(* Let $1 \le k \le 3$ and let $\sigma_k=[v_0,\dots,v_k]$ be a $k$-simplex in Euclidean 3-space whose vertices $v_0,\dots,v_k$ are represented as normalized PGA points in $\mathbb{R}_{3,0,1}$. Then \[ \frac{1}{k!}\,\lVert v_0\vee\cdots\vee v_k\rVert \;=\; \frac{1}{k!}\Big\lVert \sum_{\sigma_{k-1}\in\partial\sigma_k} S(\sigma_{k-1})\Big\rVert_\infty \;=\; \frac{1}{k!}\Big\lVert \sum_{i=0}^{k}(-1)^i\, v_0\vee\cdots\vee \widehat{v_i}\vee\cdots\vee v_k\Big\rVert_\infty , \] where $\widehat{v_i}$ means that $v_i$ is omitted from the join. That is, the $k$-magnitude of $\sigma_k$ (length, area, volume) can be computed from the carriers of the $(k-1)$-dimensional facets of its oriented boundary.
   Context: $\mathbb{R}_{3,0,1}$ (3D plane-based geometric algebra, PGA) is the Clifford algebra generated by an orthogonal basis $\mathbf e_0,\mathbf e_1,\mathbf e_2,\mathbf e_3$ with $\mathbf e_1^2=\mathbf e_2^2=\mathbf e_3^2=1$ and $\mathbf e_0^2=0$; $\mathbf e_{ij\cdots}$ denotes the geometric product of distinct basis vectors, $\wedge$ is the outer (wedge) product, and $I_3=\mathbf e_{123}$. The Hodge dual $A\mapsto A^*$ is the linear map determined on basis blades $\mathbf e_J$ by $\mathbf e_J\,\mathbf e_J^*=\mathbf e_{0123}$ (with $\mathbf e_J^*$ a multiple of the complementary basis blade); the join is defined by $(A\vee B)^*=A^*\wedge B^*$. Every multivector splits uniquely as $A=A_E+\mathbf e_0A_I$ with $A_E,A_I$ in the subalgebra generated by $\mathbf e_1,\mathbf e_2,\mathbf e_3$. The (Euclidean) norm is $\lVert A\rVert=\lVert A_E\rVert$ and the ideal norm is $\lVert A\rVert_\infty=\lVert A_I\rVert$, where for an element $B$ of the Euclidean subalgebra $\lVert B\rVert$ is the square root of the sum of squares of its coefficients on the basis blades (equivalently $\sqrt{\tilde B B}$ for blades, $\tilde{\ }$ denoting reversion). A normalized point at position $\vec v=x\mathbf e_1+y\mathbf e_2+z\mathbf e_3$ is $v=(\mathbf e_0+\vec v)^*=\mathbf e_{123}-\mathbf e_0\vec v\,\mathbf e_{123}$. For a simplex $\sigma=[v_0,\dots,v_m]$ its carrier is $S(\sigma)=v_0\vee\cdots\vee v_m$. The oriented boundary is $\partial[v_0,\dots,v_k]=\sum_{i=0}^k(-1)^i[v_0,\dots,\widehat{v_i},\dots,v_k]$, and the sum over $\partial\sigma_k$ of $S$ is taken with these signs. *)

theory Defs
  imports "HOL-Analysis.Analysis"
begin

text \<open>Multivectors of R(3,0,1): a multivector is given by its coefficients on the
 basis blades e_J, J a subset of {0,1,2,3} (indices in increasing order). Coefficients
 at index sets outside Pow {0..3} are kept zero by all operations below.\<close>

type_synonym mv = "nat set \<Rightarrow> real"

definition blades :: "nat set set" where
  "blades = Pow {0..3}"

text \<open>Sign of reordering e_A e_B (A, B disjoint) into e_(A \<union> B):
 (-1) to the number of inversions.\<close>
definition blade_sign :: "nat set \<Rightarrow> nat set \<Rightarrow> real" where
  "blade_sign A B = (-1) ^ card {(a, b). a \<in> A \<and> b \<in> B \<and> b < a}"

definition wedge :: "mv \<Rightarrow> mv \<Rightarrow> mv" where
  "wedge X Y = (\<lambda>C. if C \<in> blades then
      (\<Sum>A\<in>Pow C. blade_sign A (C - A) * X A * Y (C - A)) else 0)"

text \<open>Hodge dual: e_J * e_J^* = e_0123, e_J^* a multiple of the complementary blade,
 hence e_J^* = blade_sign J ({0..3} - J) * e_({0..3}-J).\<close>
definition hodge :: "mv \<Rightarrow> mv" where
  "hodge X = (\<lambda>K. if K \<in> blades then
      blade_sign ({0..3} - K) K * X ({0..3} - K) else 0)"

definition unhodge :: "mv \<Rightarrow> mv" where
  "unhodge Y = (\<lambda>J. if J \<in> blades then
      blade_sign J ({0..3} - J) * Y ({0..3} - J) else 0)"

definition join :: "mv \<Rightarrow> mv \<Rightarrow> mv" where
  "join A B = unhodge (wedge (hodge A) (hodge B))"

★ ★ ★ ★ ★

What is being asked:
Retype each line of the listing exactly as it was given above.

Solution to the problem:
(* Let $1 \le k \le 3$ and let $\sigma_k=[v_0,\dots,v_k]$ be a $k$-simplex in Euclidean 3-space whose vertices $v_0,\dots,v_k$ are represented as normalized PGA points in $\mathbb{R}_{3,0,1}$. Then \[ \frac{1}{k!}\,\lVert v_0\vee\cdots\vee v_k\rVert \;=\; \frac{1}{k!}\Big\lVert \sum_{\sigma_{k-1}\in\partial\sigma_k} S(\sigma_{k-1})\Big\rVert_\infty \;=\; \frac{1}{k!}\Big\lVert \sum_{i=0}^{k}(-1)^i\, v_0\vee\cdots\vee \widehat{v_i}\vee\cdots\vee v_k\Big\rVert_\infty , \] where $\widehat{v_i}$ means that $v_i$ is omitted from the join. That is, the $k$-magnitude of $\sigma_k$ (length, area, volume) can be computed from the carriers of the $(k-1)$-dimensional facets of its oriented boundary.
   Context: $\mathbb{R}_{3,0,1}$ (3D plane-based geometric algebra, PGA) is the Clifford algebra generated by an orthogonal basis $\mathbf e_0,\mathbf e_1,\mathbf e_2,\mathbf e_3$ with $\mathbf e_1^2=\mathbf e_2^2=\mathbf e_3^2=1$ and $\mathbf e_0^2=0$; $\mathbf e_{ij\cdots}$ denotes the geometric product of distinct basis vectors, $\wedge$ is the outer (wedge) product, and $I_3=\mathbf e_{123}$. The Hodge dual $A\mapsto A^*$ is the linear map determined on basis blades $\mathbf e_J$ by $\mathbf e_J\,\mathbf e_J^*=\mathbf e_{0123}$ (with $\mathbf e_J^*$ a multiple of the complementary basis blade); the join is defined by $(A\vee B)^*=A^*\wedge B^*$. Every multivector splits uniquely as $A=A_E+\mathbf e_0A_I$ with $A_E,A_I$ in the subalgebra generated by $\mathbf e_1,\mathbf e_2,\mathbf e_3$. The (Euclidean) norm is $\lVert A\rVert=\lVert A_E\rVert$ and the ideal norm is $\lVert A\rVert_\infty=\lVert A_I\rVert$, where for an element $B$ of the Euclidean subalgebra $\lVert B\rVert$ is the square root of the sum of squares of its coefficients on the basis blades (equivalently $\sqrt{\tilde B B}$ for blades, $\tilde{\ }$ denoting reversion). A normalized point at position $\vec v=x\mathbf e_1+y\mathbf e_2+z\mathbf e_3$ is $v=(\mathbf e_0+\vec v)^*=\mathbf e_{123}-\mathbf e_0\vec v\,\mathbf e_{123}$. For a simplex $\sigma=[v_0,\dots,v_m]$ its carrier is $S(\sigma)=v_0\vee\cdots\vee v_m$. The oriented boundary is $\partial[v_0,\dots,v_k]=\sum_{i=0}^k(-1)^i[v_0,\dots,\widehat{v_i},\dots,v_k]$, and the sum over $\partial\sigma_k$ of $S$ is taken with these signs. *)

theory Defs
  imports "HOL-Analysis.Analysis"
begin

text \<open>Multivectors of R(3,0,1): a multivector is given by its coefficients on the
 basis blades e_J, J a subset of {0,1,2,3} (indices in increasing order). Coefficients
 at index sets outside Pow {0..3} are kept zero by all operations below.\<close>

type_synonym mv = "nat set \<Rightarrow> real"

definition blades :: "nat set set" where
  "blades = Pow {0..3}"

text \<open>Sign of reordering e_A e_B (A, B disjoint) into e_(A \<union> B):
 (-1) to the number of inversions.\<close>
definition blade_sign :: "nat set \<Rightarrow> nat set \<Rightarrow> real" where
  "blade_sign A B = (-1) ^ card {(a, b). a \<in> A \<and> b \<in> B \<and> b < a}"

definition wedge :: "mv \<Rightarrow> mv \<Rightarrow> mv" where
  "wedge X Y = (\<lambda>C. if C \<in> blades then
      (\<Sum>A\<in>Pow C. blade_sign A (C - A) * X A * Y (C - A)) else 0)"

text \<open>Hodge dual: e_J * e_J^* = e_0123, e_J^* a multiple of the complementary blade,
 hence e_J^* = blade_sign J ({0..3} - J) * e_({0..3}-J).\<close>
definition hodge :: "mv \<Rightarrow> mv" where
  "hodge X = (\<lambda>K. if K \<in> blades then
      blade_sign ({0..3} - K) K * X ({0..3} - K) else 0)"

definition unhodge :: "mv \<Rightarrow> mv" where
  "unhodge Y = (\<lambda>J. if J \<in> blades then
      blade_sign J ({0..3} - J) * Y ({0..3} - J) else 0)"

definition join :: "mv \<Rightarrow> mv \<Rightarrow> mv" where
  "join A B = unhodge (wedge (hodge A) (hodge B))"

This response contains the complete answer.